We're always told by this group of radicals in the administration that the free market has — or is — failing. But the free market hasn't been attempted for decades!
Here are just a few examples of unbelievable waste being tolerated — just in from the group Citizens Against Government Waste. Remember, this is your money:
$2.9 million for shrimp aquaculture research — it tastes good when dipped in cocktail sauce; what's the mystery?
$2.5 million for potato research — is this to better understand our food, so that we can relate to it before swallowing it?
$206,000 for wool research — let me help: it's hot and itchy
$200,00 for lobster research — tastes good with hot butter: done!
$7 million for the Robert C. Byrd Institute of Advanced Flexible Manufacturing Systems — what?
$500,000 for exhibits at the Czech and Slovak Museum and Library in Cedar Rapids — what about the Serb, Croatian and Albanian exhibits? Don't we care about them?
$250,000 for the I Won't Cheat Foundation in Salt Lake City for an anti-steroids education program and awareness campaign — because parents can't handle educating their kids about steroids?
But wait, there's more!
According to the Heritage Foundation, the government wasted $72 billion in improper payments; in 2008, $100 million was wasted by the Defense Department on unused flight tickets because it never bothered to collect refunds even though the tickets were refundable.
But fortunately, we were able to spend $2.6 million to train Chinese prostitutes to drink more responsibly on the job. I mean, as you know, there's nothing more annoying than a Chinese prostitute who can't focus on the job at hand, because she's too liquored up. I think we all hate that.
This all has to stop! What are we insane?
Why would we take money from people in Minneapolis, send it to Washington, D.C., so that they can ship it to Alaska to build a bridge to nowhere? If Alaskans want a $250 million bridge to service 30 people, let them build it!
The first step to recovery is admitting you have a problem.

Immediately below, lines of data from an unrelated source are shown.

(* Let $G$ be a connected finite simple undirected graph with at least two vertices and maximum degree $d_G$, and let $W:V_G\to\mathbb{R}$ satisfy $W(x)\le -d_G$ for all $x\in V_G$. Let $\psi$ be the ground state of $H_{G,W}$, chosen with $\psi(x)>0$ for all $x$ and $\sum_x \psi(x)^2=1$, let $E$ be the ground energy (smallest eigenvalue) of $H_{G,W}$, and let $\gamma$ be the gap between the smallest and second-smallest eigenvalues of $H_{G,W}$. Then $E<0$ and $$-\frac{1}{2E}\Phi_H^2 \le \gamma \le 2\Phi_H,$$ where $$\Phi_H=\min_{\emptyset\neq S\subsetneq V_G}\frac{F_S}{\min\{C_S,C_{\bar S}\}},\qquad F_S=\sum_{\substack{x\in S,\ y\notin S\\ x\sim y}}\psi(x)\psi(y),\qquad C_S=\sum_{x\in S}\psi(x)^2,\qquad C_{\bar S}=\sum_{x\notin S}\psi(x)^2,$$ and $x\sim y$ denotes adjacency in $G$.
   Context: For a finite simple undirected graph $G$ with vertex set $V_G$, let $\mathcal{H}_G$ be the complex Hilbert space with orthonormal basis $\{|x\rangle : x\in V_G\}$. The graph Laplacian is $L_G=\sum_{x} d_x |x\rangle\langle x| - \sum_{x\sim y}|x\rangle\langle y|$, where $d_x$ is the degree of $x$ and the second sum runs over ordered pairs of adjacent vertices. For a potential $W:V_G\to\mathbb{R}$, $H_{G,W}=L_G+\sum_{x} W(x)|x\rangle\langle x|$. By the Perron–Frobenius theorem, for connected $G$ the ground state of $H_{G,W}$ is nondegenerate and can be chosen with all amplitudes strictly positive. *)

theory Defs
  imports Complex_Main
begin

definition simple_graph :: "'a set \<Rightarrow> ('a \<Rightarrow> 'a \<Rightarrow> bool) \<Rightarrow> bool" where
  "simple_graph V Adj \<longleftrightarrow> finite V \<and> (\<forall>x y. Adj x y \<longrightarrow> x \<in> V \<and> y \<in> V)
     \<and> (\<forall>x y. Adj x y \<longrightarrow> Adj y x) \<and> (\<forall>x. \<not> Adj x x)"

definition connected_graph :: "'a set \<Rightarrow> ('a \<Rightarrow> 'a \<Rightarrow> bool) \<Rightarrow> bool" where
  "connected_graph V Adj \<longleftrightarrow> (\<forall>x\<in>V. \<forall>y\<in>V. Adj\<^sup>*\<^sup>* x y)"

definition deg :: "'a set \<Rightarrow> ('a \<Rightarrow> 'a \<Rightarrow> bool) \<Rightarrow> 'a \<Rightarrow> nat" where
  "deg V Adj x = card {y\<in>V. Adj x y}"

definition max_deg :: "'a set \<Rightarrow> ('a \<Rightarrow> 'a \<Rightarrow> bool) \<Rightarrow> nat" where
  "max_deg V Adj = Max (deg V Adj ` V)"

text \<open>The Schroedinger operator H = L + W acting on functions V \<rightarrow> 'b
  (coefficients outside V are irrelevant).\<close>
definition Hop :: "'a set \<Rightarrow> ('a \<Rightarrow> 'a \<Rightarrow> bool) \<Rightarrow> ('a \<Rightarrow> real) \<Rightarrow> ('a \<Rightarrow> 'b::real_algebra_1) \<Rightarrow> 'a \<Rightarrow> 'b" where
  "Hop V Adj W f x = of_real (real (deg V Adj x) + W x) * f x - (\<Sum>y\<in>{y\<in>V. Adj x y}. f y)"

text \<open>Eigenvalues of H on the complex Hilbert space with basis V
  (H is Hermitian, so all eigenvalues are real).\<close>
definition eigvals :: "'a set \<Rightarrow> ('a \<Rightarrow> 'a \<Rightarrow> bool) \<Rightarrow> ('a \<Rightarrow> real) \<Rightarrow> real set" where
  "eigvals V Adj W = {lam. \<exists>f :: 'a \<Rightarrow> complex. (\<exists>x\<in>V. f x \<noteq> 0) \<and>
       (\<forall>x\<in>V. Hop V Adj W f x = of_real lam * f x)}"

Our problem is that we have economic cancer. Now, had we addressed it when it was stage one — back when Reagan was in office — maybe we could have started out by changing our diet, had some localized treatment, phase in, over 10 years or so, some gradual changes.
Unfortunately, the tumor has grown large and spread to the lymph nodes — so now we need some radical treatment.

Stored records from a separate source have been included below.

(* Let $(E,\langle\cdot,\cdot\rangle)$ be a Hilbert space with norm $\|\cdot\|$, let $X$ be a Radon random vector on a probability space with values in $E$ and distribution $P$, let $r\in(0,+\infty)$ with $\int_E\|x\|^r\,dP(x)<+\infty$, let $n\ge1$, and assume that $K=\operatorname{supp}(P)$ is convex. If the $L^r$-distortion function $G_{r,n}^P$ has a strict local minimum at $a=(a_1,\ldots,a_n)\in E^n$, then $a_i\in K$ for every $i\in\{1,\ldots,n\}$. In particular, the following conclusions hold (whenever each $a_i$ is a non-isolated point of $K$): the components $a_1,\ldots,a_n$ are pairwise distinct; if $r\ge1$, then with $\Gamma=\{a_1,\ldots,a_n\}$, for every $i$ and every Borel set $C$ with $W_{a_i}(\Gamma)\subset C\subset V_{a_i}(\Gamma)$ one has $a_i\in\operatorname{argmin}_{y\in E}G_{r,1}^{P(\cdot\mid C)}(y)$; and if $r\ge1$ and (when $r=1$) $P(\{a_i\})=0$ for every $i$, then $\Gamma$ is an $L^r$-stationary $n$-quantizer for $P$ and $\Gamma$ is admissible for $P$. Moreover, if $r\ge2$, $P(\{a_i\})=0$ for every $i\in\{1,\ldots,n\}$ when $r>2$, and $K$ has nonempty interior, then $a_i$ is an interior point of $K$ for every $i$.
   Context: $\operatorname{supp}(P)$ denotes the support of $P$. For a nonempty finite $\Gamma\subset E$, $d(x,\Gamma)=\min_{b\in\Gamma}\|x-b\|$. For a Borel probability $Q$ on $E$, $G_{r,n}^Q:E^n\to\mathbb R_+$, $G_{r,n}^Q(a_1,\ldots,a_n)=\int_E\min_{1\le i\le n}\|x-a_i\|^r\,dQ(x)$. A strict local minimum at $a$ means there is a neighbourhood $U$ of $a$ in $E^n$ with $G_{r,n}^P(b)>G_{r,n}^P(a)$ for all $b\in U\setminus\{a\}$. For a Borel $C$ with $P(C)>0$, $P(\cdot\mid C)=P(\cdot\cap C)/P(C)$. For finite $\Gamma\subset E$ and $b\in\Gamma$: $V_b(\Gamma)=\{x:\|x-b\|=d(x,\Gamma)\}$, $W_b(\Gamma)=\{x:\|x-b\|<d(x,\Gamma\setminus\{b\})\}$. A Voronoi partition induced by $\Gamma$ is a Borel partition $\{C_b(\Gamma):b\in\Gamma\}$ of $E$ with $C_b(\Gamma)\subset V_b(\Gamma)$. $\Gamma$ is admissible for $P$ if $P\big(\bigcup_{b\in\Gamma}W_b(\Gamma)\big)=1$. For $x\neq0$, $\nabla\|\cdot\|(x)=\langle x,\cdot\rangle/\|x\|\in E^*$ is the Gâteaux derivative of the norm. For $r\ge1$, a set $\Gamma$ with $\operatorname{card}(\Gamma)=n$ (and $P(\Gamma)=0$ if $r=1$) is an $L^r$-stationary $n$-quantizer for $P$ if there is a Voronoi partition $\{C_b(\Gamma)\}$ induced by $\Gamma$ with, for every $b\in\Gamma$, $P(C_b(\Gamma))>0$ and $\mathbb E\big[\mathbf 1_{C_b(\Gamma)\setminus\{b\}}(X)\|X-b\|^{r-1}\nabla\|\cdot\|(b-X)\big]=0$ in $E^*$ (Gelfand integral). *)

theory Defs
  imports "HOL-Probability.Probability"
begin

definition measure_support :: "'a::topological_space measure \<Rightarrow> 'a set" where
  "measure_support P = {x. \<forall>U. open U \<and> x \<in> U \<longrightarrow> emeasure P U > 0}"

definition radon_measure :: "'a::topological_space measure \<Rightarrow> bool" where
  "radon_measure P \<longleftrightarrow> sets P = sets borel \<and>
     (\<forall>A\<in>sets borel. emeasure P A = (SUP K\<in>{K. compact K \<and> K \<subseteq> A}. emeasure P K))"

definition distortion :: "'a::real_normed_vector measure \<Rightarrow> real \<Rightarrow> nat \<Rightarrow> (nat \<Rightarrow> 'a) \<Rightarrow> real" where
  "distortion Q r n a = (\<integral>x. (MIN i\<in>{..<n}. norm (x - a i) powr r) \<partial>Q)"

text \<open>Strict local minimum of a function on E^n (product topology; tuples are
  functions nat => E, only indices < n matter).\<close>
definition strict_local_min :: "nat \<Rightarrow> ((nat \<Rightarrow> 'a::metric_space) \<Rightarrow> real) \<Rightarrow> (nat \<Rightarrow> 'a) \<Rightarrow> bool" where
  "strict_local_min n G a \<longleftrightarrow> (\<exists>e>0. \<forall>b. (\<forall>i<n. dist (b i) (a i) < e) \<and> (\<exists>i<n. b i \<noteq> a i)
       \<longrightarrow> G b > G a)"

definition voronoi_V :: "'a::real_normed_vector \<Rightarrow> 'a set \<Rightarrow> 'a set" where
  "voronoi_V b \<Gamma> = {x. \<forall>c\<in>\<Gamma>. norm (x - b) \<le> norm (x - c)}"

definition voronoi_W :: "'a::real_normed_vector \<Rightarrow> 'a set \<Rightarrow> 'a set" where
  "voronoi_W b \<Gamma> = {x. \<forall>c\<in>\<Gamma> - {b}. norm (x - b) < norm (x - c)}"

definition voronoi_partition :: "('a::real_normed_vector \<Rightarrow> 'a set) \<Rightarrow> 'a set \<Rightarrow> bool" where
  "voronoi_partition C \<Gamma> \<longleftrightarrow>
     (\<forall>b\<in>\<Gamma>. C b \<in> sets borel \<and> C b \<subseteq> voronoi_V b \<Gamma>) \<and>
     (\<forall>b\<in>\<Gamma>. \<forall>c\<in>\<Gamma>. b \<noteq> c \<longrightarrow> C b \<inter> C c = {}) \<and>
     (\<Union>b\<in>\<Gamma>. C b) = UNIV"

definition admissible :: "'a::real_normed_vector measure \<Rightarrow> 'a set \<Rightarrow> bool" where
  "admissible P \<Gamma> \<longleftrightarrow> emeasure P (\<Union>b\<in>\<Gamma>. voronoi_W b \<Gamma>) = 1"

text \<open>The Gelfand integral in E^* of
  1_{C_b - {b}}(X) |X-b|^{r-1} grad|.|(b - X) vanishes, i.e. for every u in E the scalar
  function x |-> 1_{C_b-{b}}(x) |x-b|^{r-1} <b-x,u>/|b-x| is P-integrable with integral 0.\<close>
definition stationary_quantizer :: "'a::real_inner measure \<Rightarrow> real \<Rightarrow> nat \<Rightarrow> 'a set \<Rightarrow> bool" where
  "stationary_quantizer P r n \<Gamma> \<longleftrightarrow> finite \<Gamma> \<and> card \<Gamma> = n \<and>
     (r = 1 \<longrightarrow> emeasure P \<Gamma> = 0) \<and>
     (\<exists>C. voronoi_partition C \<Gamma> \<and>
        (\<forall>b\<in>\<Gamma>. emeasure P (C b) > 0 \<and>
           (\<forall>u. integrable P (\<lambda>x. indicator (C b - {b}) x * norm (x - b) powr (r - 1)
                                     * (inner (b - x) u / norm (b - x))) \<and>
                (\<integral>x. indicator (C b - {b}) x * norm (x - b) powr (r - 1)
                       * (inner (b - x) u / norm (b - x)) \<partial>P) = 0)))"

end

theory Submission
  imports Defs
begin

text \<open>If some centre a i lay outside the closed convex support K, moving it slightly towards
  its projection onto K would bring it closer to every point of K without increasing the
  distortion, contradicting strict minimality. The other statements come from a first-order
  condition on each Voronoi cell C of a i: moving a i alone changes the distortion by at most
  the change of the cell distortion y \<mapsto> \<integral> 1_C(x) |x - y|^r dP(x), so for r \<ge> 1 a i is a
  local, hence by convexity a global, minimizer of it, and its directional derivatives, obtained
  by dominated convergence, vanish. This is stationarity. Comparing the cells W and W \<union> D for
  a set D of ties shows that D is null, i.e. admissibility; differentiating along a supporting
  normal at a boundary point of K contradicts the positive mass of K near a i. A repeated centre
  could be moved without changing the distortion, so the centres are distinct.\<close>

section \<open>Projections and supporting hyperplanes in Hilbert spaces\<close>

lemma norm_diff_scaleR_square:
  fixes v w :: "'a::real_inner"
  shows "norm (v - t *\<^sub>R w)^2 = norm v^2 - 2 * t * inner v w + t^2 * norm w^2"
  unfolding power2_norm_eq_inner
  by (simp add: inner_diff_left inner_diff_right inner_commute power2_eq_square algebra_simps)

lemma Cauchy_if_dist_le_add:
  fixes s :: "nat \<Rightarrow> 'a::metric_space"
  assumes dist: "\<And>m k. dist (s m) (s k) \<le> \<gamma> m + \<gamma> k" and lim: "\<gamma> \<longlonglongrightarrow> 0"
  shows "Cauchy s"
proof (rule metric_CauchyI)
  fix e :: real assume "0 < e"
  then obtain M where M: "\<And>k. k \<ge> M \<Longrightarrow> \<bar>\<gamma> k\<bar> < e / 2"
    using lim unfolding LIMSEQ_iff by (metis half_gt_zero real_norm_def diff_zero)
  have "dist (s m) (s k) < e" if "m \<ge> M" "k \<ge> M" for m k
    using dist[of m k] M[OF that(1)] M[OF that(2)] by linarith
  then show "\<exists>M. \<forall>m\<ge>M. \<forall>k\<ge>M. dist (s m) (s k) < e" by blast
qed

text \<open>The parallelogram law: the midpoint of s m and s k lies in S, so it is at distance at least
  infdist z S from z.\<close>
lemma Cauchy_minimizing_sequence:
  fixes S :: "'a::real_inner set"
  assumes "convex S" "\<And>k. s k \<in> S" "\<And>k. dist z (s k) \<le> infdist z S + \<epsilon> k"
    and "\<epsilon> \<longlonglongrightarrow> 0" "\<And>k. 0 \<le> \<epsilon> k"
  shows "Cauchy s"
proof -
  define d where "d = infdist z S"
  define \<beta> where "\<beta> k = 2 * ((d + \<epsilon> k)^2 - d^2)" for k
  have d0: "0 \<le> d" unfolding d_def by (rule infdist_nonneg)
  have \<beta>0: "0 \<le> \<beta> k" for k
    unfolding \<beta>_def using d0 assms(5)[of k] by (simp add: power_mono)
  have close: "norm (z - s j)^2 \<le> (d + \<epsilon> j)^2" for j
    using assms(3)[of j] by (simp add: d_def dist_norm power_mono)
  have "norm (s m - s k)^2 \<le> \<beta> m + \<beta> k" for m k
  proof -
    have "midpoint (s m) (s k) \<in> S"
      unfolding midpoint_def scaleR_add_right by (rule convexD[OF assms(1,2,2)]) auto
    then have "d \<le> norm (z - midpoint (s m) (s k))"
      unfolding d_def using infdist_le[of _ S z] by (simp add: dist_norm)
    then have "d^2 \<le> norm (z - midpoint (s m) (s k))^2" using d0 by (simp add: power_mono)
    moreover have "norm (s m - s k)^2 = 2 * norm (z - s m)^2 + 2 * norm (z - s k)^2
        - 4 * norm (z - midpoint (s m) (s k))^2"
      unfolding power2_norm_eq_inner midpoint_def
      by (simp add: inner_diff_left inner_diff_right inner_add_left inner_add_right inner_commute algebra_simps)
    ultimately show ?thesis unfolding \<beta>_def using close[of m] close[of k] by argo
  qed
  have "dist (s m) (s k) \<le> sqrt (\<beta> m) + sqrt (\<beta> k)" for m k
  proof -
    have "dist (s m) (s k) = sqrt (norm (s m - s k)^2)" by (simp add: dist_norm)
    also have "\<dots> \<le> sqrt (\<beta> m + \<beta> k)" by (rule real_sqrt_le_mono) fact
    also have "\<dots> \<le> sqrt (\<beta> m) + sqrt (\<beta> k)" by (intro sqrt_add_le_add_sqrt \<beta>0)
    finally show ?thesis .
  qed
  moreover have "(\<lambda>k. sqrt (\<beta> k)) \<longlonglongrightarrow> 0"
    unfolding \<beta>_def using tendsto_intros(1)[of d] assms(4)
    by (auto intro!: tendsto_eq_intros)
  ultimately show "Cauchy s" by (rule Cauchy_if_dist_le_add)
qed

lemma closed_convex_nearest_point_exists:
  fixes S :: "'a::{real_inner,complete_space} set"
  assumes "closed S" "convex S" "S \<noteq> {}"
  obtains p where "p \<in> S" "\<And>w. w \<in> S \<Longrightarrow> dist z p \<le> dist z w"
proof -
  define d where "d = infdist z S"
  define \<epsilon> :: "nat \<Rightarrow> real" where "\<epsilon> k = 1 / (real k + 1)" for k
  have \<epsilon>: "\<epsilon> \<longlonglongrightarrow> 0" "\<And>k. 0 < \<epsilon> k"
    unfolding \<epsilon>_def using LIMSEQ_inverse_real_of_nat by (auto simp: inverse_eq_divide add.commute)
  have "\<exists>s\<in>S. dist z s < d + \<epsilon> k" for k
  proof -
    have "Inf (dist z ` S) < d + \<epsilon> k"
      unfolding d_def infdist_notempty[OF \<open>S \<noteq> {}\<close>] using \<epsilon>(2)[of k] by simp
    then show ?thesis using cInf_lessD[of "dist z ` S"] \<open>S \<noteq> {}\<close> by blast
  qed
  then obtain s where s: "\<And>k. s k \<in> S" "\<And>k. dist z (s k) < d + \<epsilon> k"
    by metis
  have "Cauchy s"
    by (rule Cauchy_minimizing_sequence[where z = z, OF \<open>convex S\<close> s(1) _ \<epsilon>(1)])
      (use s(2) \<epsilon>(2) in \<open>auto simp: d_def less_imp_le\<close>)
  then obtain p where lim: "s \<longlonglongrightarrow> p" using Cauchy_convergent_iff convergent_def by blast
  have "p \<in> S" using closed_sequentially[OF \<open>closed S\<close>] s(1) lim by blast
  moreover have "dist z p \<le> d"
  proof (rule LIMSEQ_le)
    show "(\<lambda>k. dist z (s k)) \<longlonglongrightarrow> dist z p" by (intro tendsto_intros lim)
    show "(\<lambda>k. d + \<epsilon> k) \<longlonglongrightarrow> d" using tendsto_add[OF tendsto_const \<epsilon>(1)] by simp
  qed (use s(2) less_imp_le in blast)
  ultimately show ?thesis using infdist_le[of _ S z] that by (force simp: d_def)
qed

The White House says we're past the worst of it, yet they're proposing massive tax increases. I thought debt didn't matter? I thought we could grow our way out of this? But where would that growth come from? Auto manufacturing? Steel? Clothing? Apple products? Nope, those are made elsewhere too. Check your iPhone: Designed in California, assembled in China. Oh, how about green jobs? Solar panels! Do you really think we can make solar panels cheaper than say, India? I didn't think so.

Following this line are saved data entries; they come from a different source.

lemma good_mass_ge:
  fixes eps0 eps1 :: real
  assumes S: "S \<subseteq> Vset n A" and A: "finite A" "A \<noteq> {}" and eps: "0 < eps1" "eps0 \<le> eps1 / 5"
    and card_S: "kprime eps0 n A \<le> card S"
    and beta: "5 * eps1 * log 2 (real (kk n)) / log 2 (real n) < (\<Sum>i=1..n. beta S i)"
    and budget: "0 < rho n \<and> rho n < n \<and> 2 \<le> log 2 (real (kk n)) \<and>
      real n * bin_H (real (rho n) / real n) - log 2 (real (kk n))
      + eps1 / 5 * ((log 2 (real (kk n)) + real (rho n) * log 2 (card A)) /
          log 2 (log 2 (real (kk n)) + real (rho n) * log 2 (card A)))
      + 7 / 5 * eps1 * real (rho n) \<le> 5 * eps1 * log 2 (real (kk n)) / log 2 (real n)"
  shows "eps1 * real (rho n) / 5 \<le> log 2 (card A) * (\<Sum>i\<in>{i\<in>{1..n}. good eps1 A S i}. qq S i)"
proof -
  have "0 < card S" and log_card_S: "log 2 (real (kk n)) - eps1 / 5 * ((log 2 (real (kk n))
      + real (rho n) * log 2 (card A)) / log 2 (log 2 (real (kk n)) + real (rho n) * log 2 (card A)))
      \<le> log 2 (card S)"
    using log_card_ge_of_kprime[OF A eps(2) _ card_S] budget by auto
  then have "S \<noteq> {}" by auto
  have "(\<Sum>i=1..n. bin_H (qq S i)) \<le> n * bin_H (rho n / n)"
    using sum_bin_H_qq_le[OF S A(1) \<open>S \<noteq> {}\<close>] budget by auto
  moreover have "(\<Sum>i=1..n. beta S i) \<le> (\<Sum>i=1..n. bin_H (qq S i)) - log 2 (card S)
      + 2 * log 2 (card A) * (\<Sum>i\<in>{i\<in>{1..n}. good eps1 A S i}. qq S i) + eps1 * rho n"
    using sum_beta_le_good_mass[OF S A(1) \<open>S \<noteq> {}\<close>] eps(1) by simp
  ultimately show ?thesis using beta log_card_S budget by linarith
qed

theorem mainTheorem3:
  fixes eps1 eps0 :: real and A :: "'a set"
  assumes "eps1 > 0" and "0 < eps0" and "eps0 \<le> eps1 / 5"
    and "finite A" and "A \<noteq> {}"
  shows "\<exists>N::nat. \<forall>n\<ge>N. \<forall>S.
     S \<subseteq> Vset n A \<and> real (card S) \<ge> kprime eps0 n A \<and>
     (\<Sum>i=1..n. beta S i) > 5 * eps1 * log 2 (real (kk n)) / log 2 (real n)
     \<longrightarrow> (\<Sum>i\<in>{i\<in>{1..n}. good eps1 A S i}. (qq S i)\<^sup>2)
          \<ge> (eps1 * real (rho n) / 5)\<^sup>2 / (real n * (log 2 (real (card A)))\<^sup>2)"
proof -
  have "0 \<le> log 2 (real (card A))" using assms(4,5) by (simp add: Suc_le_eq card_gt_0_iff)
  from eventually_entropy_budget[OF assms(1) this]
  show ?thesis unfolding eventually_sequentially[symmetric]
  proof eventually_elim
    case (elim n)
    show ?case
    proof (intro allI impI, elim conjE)
      fix S assume "S \<subseteq> Vset n A" "kprime eps0 n A \<le> real (card S)"
        "5 * eps1 * log 2 (real (kk n)) / log 2 (real n) < (\<Sum>i=1..n. beta S i)"
      from good_mass_ge[OF this(1) assms(4,5,1,3) this(2,3) elim]
      have "eps1 * real (rho n) / 5 \<le> log 2 (card A) * (\<Sum>i\<in>{i\<in>{1..n}. good eps1 A S i}. qq S i)" .
      moreover have "card {i\<in>{1..n}. good eps1 A S i} \<le> card {1..n}" by (rule card_mono) auto
      ultimately show "(eps1 * real (rho n) / 5)\<^sup>2 / (real n * (log 2 (real (card A)))\<^sup>2)
          \<le> (\<Sum>i\<in>{i\<in>{1..n}. good eps1 A S i}. (qq S i)\<^sup>2)"
        using assms(1) by (intro sum_power2_ge_of_sum_ge) simp_all
    qed
  qed
qed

Let's be honest with ourselves: We have a problem, America. We wanted to believe the lie. But now we have to sober up.
Yes, we'll all have to hurt with these changes I've shown you this week that have been proposed by Cato, but this cancer is deadly.
So now, what can we do? We need to cut spending and cut taxes.
I've shown you the economic reality that was put into place in the early 1960s of tying the world economies together to avoid world wars and nuclear holocaust: mutually assured economic destruction.
If Russia launched their missiles, we'd launch ours and we'd destroy each other. But there was also something else: All the other world governments would pressure us and the Russians not to go to war because our economies were tied together.
We must get out of the system — it's designed to collapse. How do we do it? We did it in 1920 — we cut spending and taxes. Yes, it will be painful. It will make us sick for a while, but in the end — like chemotherapy — it's the only way to save the patient.
Experts say there's a 10/80/10 model for people that are confronted with crisis: 10 percent respond by doing the wrong thing; 80 percent wait for someone to tell them what to do, while they do nothing; and 10 percent respond with purpose, plan and action.
You have to ask yourself which one are you? We must be the latter 10 percent.